= J. Arthur Dixon =

British manufacturer of greetings cards and postcards

John Arthur Dixon (18 June 1897 - 19 May 1958) was the British founder of the eponymous manufacturer of greetings cards and postcards, J. Arthur Dixon.

Dixon was born at Cross Hills, Keighley, Yorkshire, the eldest son of Charles C. Dixon.

In 1926, he moved to Shanklin on the Isle of Wight, where he bought a small printing business. Dixon was a keen photographer, and in 1937 he produced his first Christmas cards.
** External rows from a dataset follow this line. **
(* There is an absolute constant $c>0$ such that the following holds. Consider sequences of integers $k=k(n)\ge1$, $d=d(n)$, $t=t(n)$ with $d\ge 2k$ and $(d+1)\mid t$, and for each $n$ an average-case $d$-runlength NAGT scheme with $t$ tests for $n$ items and $k$ defectives (with average error probability $o_n(1)$). Then for all sufficiently large $n$, $$t\ge c\,\frac{d\log(n/k)}{\log(d/k)}.$$
   Context: $\log$ denotes the base-2 logarithm. A binary $t\times n$ matrix $M$ is $d$-runlength constrained if in every column, any two $1$'s are separated by a run of at least $d$ zeros, i.e. $M_{ij}=M_{i'j}=1$ with $i<i'$ implies $i'-i\ge d+1$. For $x\in\{0,1\}^n$ the NAGT outcome is $M\odot x=\bigvee_{j:x_j=1}M_{\cdot j}$ (entrywise OR). An average-case $d$-runlength NAGT scheme is a random binary $t\times n$ matrix $\mathsf{M}$, every realization of which is $d$-runlength constrained, together with a deterministic decoder $\mathsf{Dec}$, such that $$\frac{1}{\binom nk}\sum_{x\in\{0,1\}^n:\,\mathsf{wgt}(x)=k}\mathbf P_{\mathsf M}\{\mathsf{Dec}(\mathsf M,\mathsf M\odot x)\ne x\}=o_n(1),$$ where $\mathsf{wgt}$ is Hamming weight. *)

theory Defs
  imports "HOL-Probability.Probability"
begin

text \<open>A binary t x n matrix is a function M :: nat => nat => bool (M i j = entry in row i,
  column j), required to vanish outside rows 0..<t and columns 0..<n.\<close>

type_synonym bmatrix = "nat \<Rightarrow> nat \<Rightarrow> bool"
type_synonym bvec = "nat \<Rightarrow> bool"

definition is_bmatrix :: "nat \<Rightarrow> nat \<Rightarrow> bmatrix \<Rightarrow> bool" where
  "is_bmatrix t n M \<longleftrightarrow> (\<forall>i j. M i j \<longrightarrow> i < t \<and> j < n)"

definition runlength_constrained :: "nat \<Rightarrow> bmatrix \<Rightarrow> bool" where
  "runlength_constrained d M \<longleftrightarrow>
     (\<forall>i i' j. M i j \<and> M i' j \<and> i < i' \<longrightarrow> i' - i \<ge> d + 1)"

definition weight_vecs :: "nat \<Rightarrow> nat \<Rightarrow> bvec set" where
  "weight_vecs n k = {x. (\<forall>j. x j \<longrightarrow> j < n) \<and> card {j. j < n \<and> x j} = k}"

definition nagt_outcome :: "nat \<Rightarrow> nat \<Rightarrow> bmatrix \<Rightarrow> bvec \<Rightarrow> bvec" where
  "nagt_outcome t n M x = (\<lambda>i. i < t \<and> (\<exists>j<n. x j \<and> M i j))"

definition avg_error ::
  "nat \<Rightarrow> nat \<Rightarrow> nat \<Rightarrow> bmatrix pmf \<Rightarrow> (bmatrix \<Rightarrow> bvec \<Rightarrow> bvec) \<Rightarrow> real" where
  "avg_error t n k Mp Dec =
     (1 / real (n choose k)) *
     (\<Sum>x\<in>weight_vecs n k. measure_pmf.prob Mp {M. Dec M (nagt_outcome t n M x) \<noteq> x})"

end

theory Submission
  imports Defs
begin
lemma tropical_cone_Collect_le_mono_homogeneous:
  fixes F :: "real ^ 'n \<Rightarrow> real ^ 'n"
  assumes "mono F" "homogeneous_op F"
  shows "tropical_cone {x. x \<le> F x}"
  unfolding tropical_cone_def
proof (intro ballI allI, unfold mem_Collect_eq)
  fix x y :: "real ^ 'n" and a b :: real
  assume "x \<le> F x" "y \<le> F y"
  define z where "z = (\<chi> i. max (a + x $ i) (b + y $ i))"
  have "scal_add a x \<le> z" "scal_add b y \<le> z" unfolding z_def less_eq_vec_def by auto
  then have "F (scal_add a x) \<le> F z" "F (scal_add b y) \<le> F z"
    using \<open>mono F\<close> by (auto dest: monoD)
  then have "scal_add a (F x) \<le> F z" "scal_add b (F y) \<le> F z"
    using \<open>homogeneous_op F\<close> unfolding homogeneous_op_def by simp_all
  with \<open>x \<le> F x\<close> \<open>y \<le> F y\<close>
  have le: "x $ i \<le> F x $ i" "a + F x $ i \<le> F z $ i" "y $ i \<le> F y $ i" "b + F y $ i \<le> F z $ i" for i
    unfolding less_eq_vec_def by simp_all
  have "z $ i \<le> F z $ i" for i
  proof -
    have "z $ i = max (a + x $ i) (b + y $ i)" by (simp add: z_def)
    then show ?thesis using le[of i] by linarith
  qed
  then have "z \<le> F z" by (simp add: less_eq_vec_def)
  then show "(\<chi> i. max (a + x $ i) (b + y $ i)) \<le> F (\<chi> i. max (a + x $ i) (b + y $ i))"
    unfolding z_def .
qed
lemma euler_op_power_roots:
  fixes p :: "real poly"
  assumes "p \<noteq> 0" "poly p 0 = 0" "k \<le> order (-1) p"
  shows "(euler_op ^^ k) p \<noteq> 0
    \<and> order 0 ((euler_op ^^ k) p) = order 0 p
    \<and> order (-1) ((euler_op ^^ k) p) = order (-1) p - k
    \<and> (\<exists>S. finite S \<and> S \<subseteq> {-1<..<0} \<and> card S = k \<and> (\<forall>x\<in>S. poly ((euler_op ^^ k) p) x = 0))"
  using assms(3)
proof (induction k)
  case 0
  then show ?case using assms(1) by (intro conjI exI[of _ "{}"]) auto
next
  case (Suc k)
  define q where "q = (euler_op ^^ k) p"
  obtain S where IH: "q \<noteq> 0" "order 0 q = order 0 p" "order (-1) q = order (-1) p - k"
      and S: "finite S" "S \<subseteq> {-1<..<0}" "card S = k" "\<forall>x\<in>S. poly q x = 0"
    using Suc unfolding q_def by auto
  have "poly q 0 = 0" using IH(2) assms(1,2) by (simp add: order_root)
  moreover have "poly q (-1) = 0" using IH(3) Suc.prems by (simp add: order_root)
  ultimately have "euler_op q \<noteq> 0"
    "order 0 (euler_op q) = order 0 p" "order (-1) (euler_op q) = order (-1) p - Suc k"
    and "\<exists>S'. finite S' \<and> S' \<subseteq> {-1<..<0} \<and> card S' = Suc k \<and> (\<forall>x\<in>S'. poly (euler_op q) x = 0)"
    using IH S degree_neq_0_if_root[OF IH(1)] euler_op_gains_root[OF _ _ S(1,2,4)]
    by (auto simp: euler_op_eq_0_iff order_euler_op)
  then show ?case unfolding q_def by simp
qed

lemma sum_order_le_degree_finite:
  fixes P :: "'a::idom poly"
  assumes "P \<noteq> 0" "finite F"
  shows "(\<Sum>x\<in>F. order x P) \<le> degree P"
proof -
  let ?R = "{x. poly P x = 0}"
  have "(\<Sum>x\<in>F. order x P) = (\<Sum>x\<in>F \<inter> ?R. order x P)"
    by (rule sum.mono_neutral_right) (use assms in \<open>auto simp: order_root\<close>)
  also have "\<dots> \<le> (\<Sum>x\<in>?R. order x P)"
    by (rule sum_mono2[OF poly_roots_finite[OF assms(1)]]) auto
  also have "\<dots> \<le> degree P" by (rule sum_order_le_degree[OF assms(1)])
  finally show ?thesis .
qed

lemma roots_simple_if_degree_le:
  fixes P :: "'a::idom poly"
  assumes "P \<noteq> 0" "finite S" "finite T" "S \<inter> T = {}" "\<forall>x\<in>S. poly P x = 0"
    and deg: "degree P \<le> card S + (\<Sum>x\<in>T. order x P)"
  shows "{x. poly P x = 0} \<subseteq> S \<union> T" "\<forall>x\<in>S. order x P = 1"
proof -
  have pos: "1 \<le> order x P" if "x \<in> S" for x
    using that assms(1,5) by (simp add: order_root Suc_le_eq)
  have ST: "(\<Sum>x\<in>S \<union> T. order x P) = (\<Sum>x\<in>S. order x P) + (\<Sum>x\<in>T. order x P)"
    using assms(2-4) by (rule sum.union_disjoint)
  show "{x. poly P x = 0} \<subseteq> S \<union> T"
  proof
    fix x assume "x \<in> {x. poly P x = 0}"
    then have "1 \<le> order x P" using assms(1) by (simp add: order_root Suc_le_eq)
    show "x \<in> S \<union> T"
    proof (rule ccontr)
      assume "x \<notin> S \<union> T"
      then have "order x P + (\<Sum>y\<in>S \<union> T. order y P) \<le> degree P"
        using sum_order_le_degree_finite[OF assms(1), of "insert x (S \<union> T)"] assms(2,3) by simp
      moreover have "card S \<le> (\<Sum>y\<in>S. order y P)"
        using sum_mono[of S "\<lambda>_. 1" "\<lambda>y. order y P"] pos by simp
      ultimately show False using \<open>1 \<le> order x P\<close> ST deg by linarith
    qed
  qed
  show "\<forall>x\<in>S. order x P = 1"
  proof (rule ccontr)
    assume "\<not> (\<forall>x\<in>S. order x P = 1)"
    then have "\<exists>x\<in>S. 1 < order x P" using pos by fastforce
    then have "(\<Sum>x\<in>S. 1) < (\<Sum>x\<in>S. order x P)"
      using pos assms(2) by (intro sum_strict_mono_ex1) auto
    moreover have "(\<Sum>x\<in>S \<union> T. order x P) \<le> degree P"
      using sum_order_le_degree_finite[OF assms(1)] assms(2,3) by simp
    ultimately show False using ST deg by simp
  qed
qed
Initially, he was producing postcards under contract for W. J. Nigh & Sons Ltd, Ventnor, Isle of Wight.
From 1937 (evidenced by a postmark on a colour tinted photo card of Shanklin Old Village) he was producing postcards on his own account.

In 1951, production began at an 87,000 sq ft factory was built at Newport, Isle of Wight, leased from the Ministry of Aviation. The factory was a former aircraft hangar at Parkhurst Forest.

In 1951, more than 14 million greetings cards were produced and in 1955, nearly 30 million postcards. In 1958, the company began producing guidebooks.

Dixon died on 19 May 1958 at the Royal Isle of Wight County Hospital, Ryde.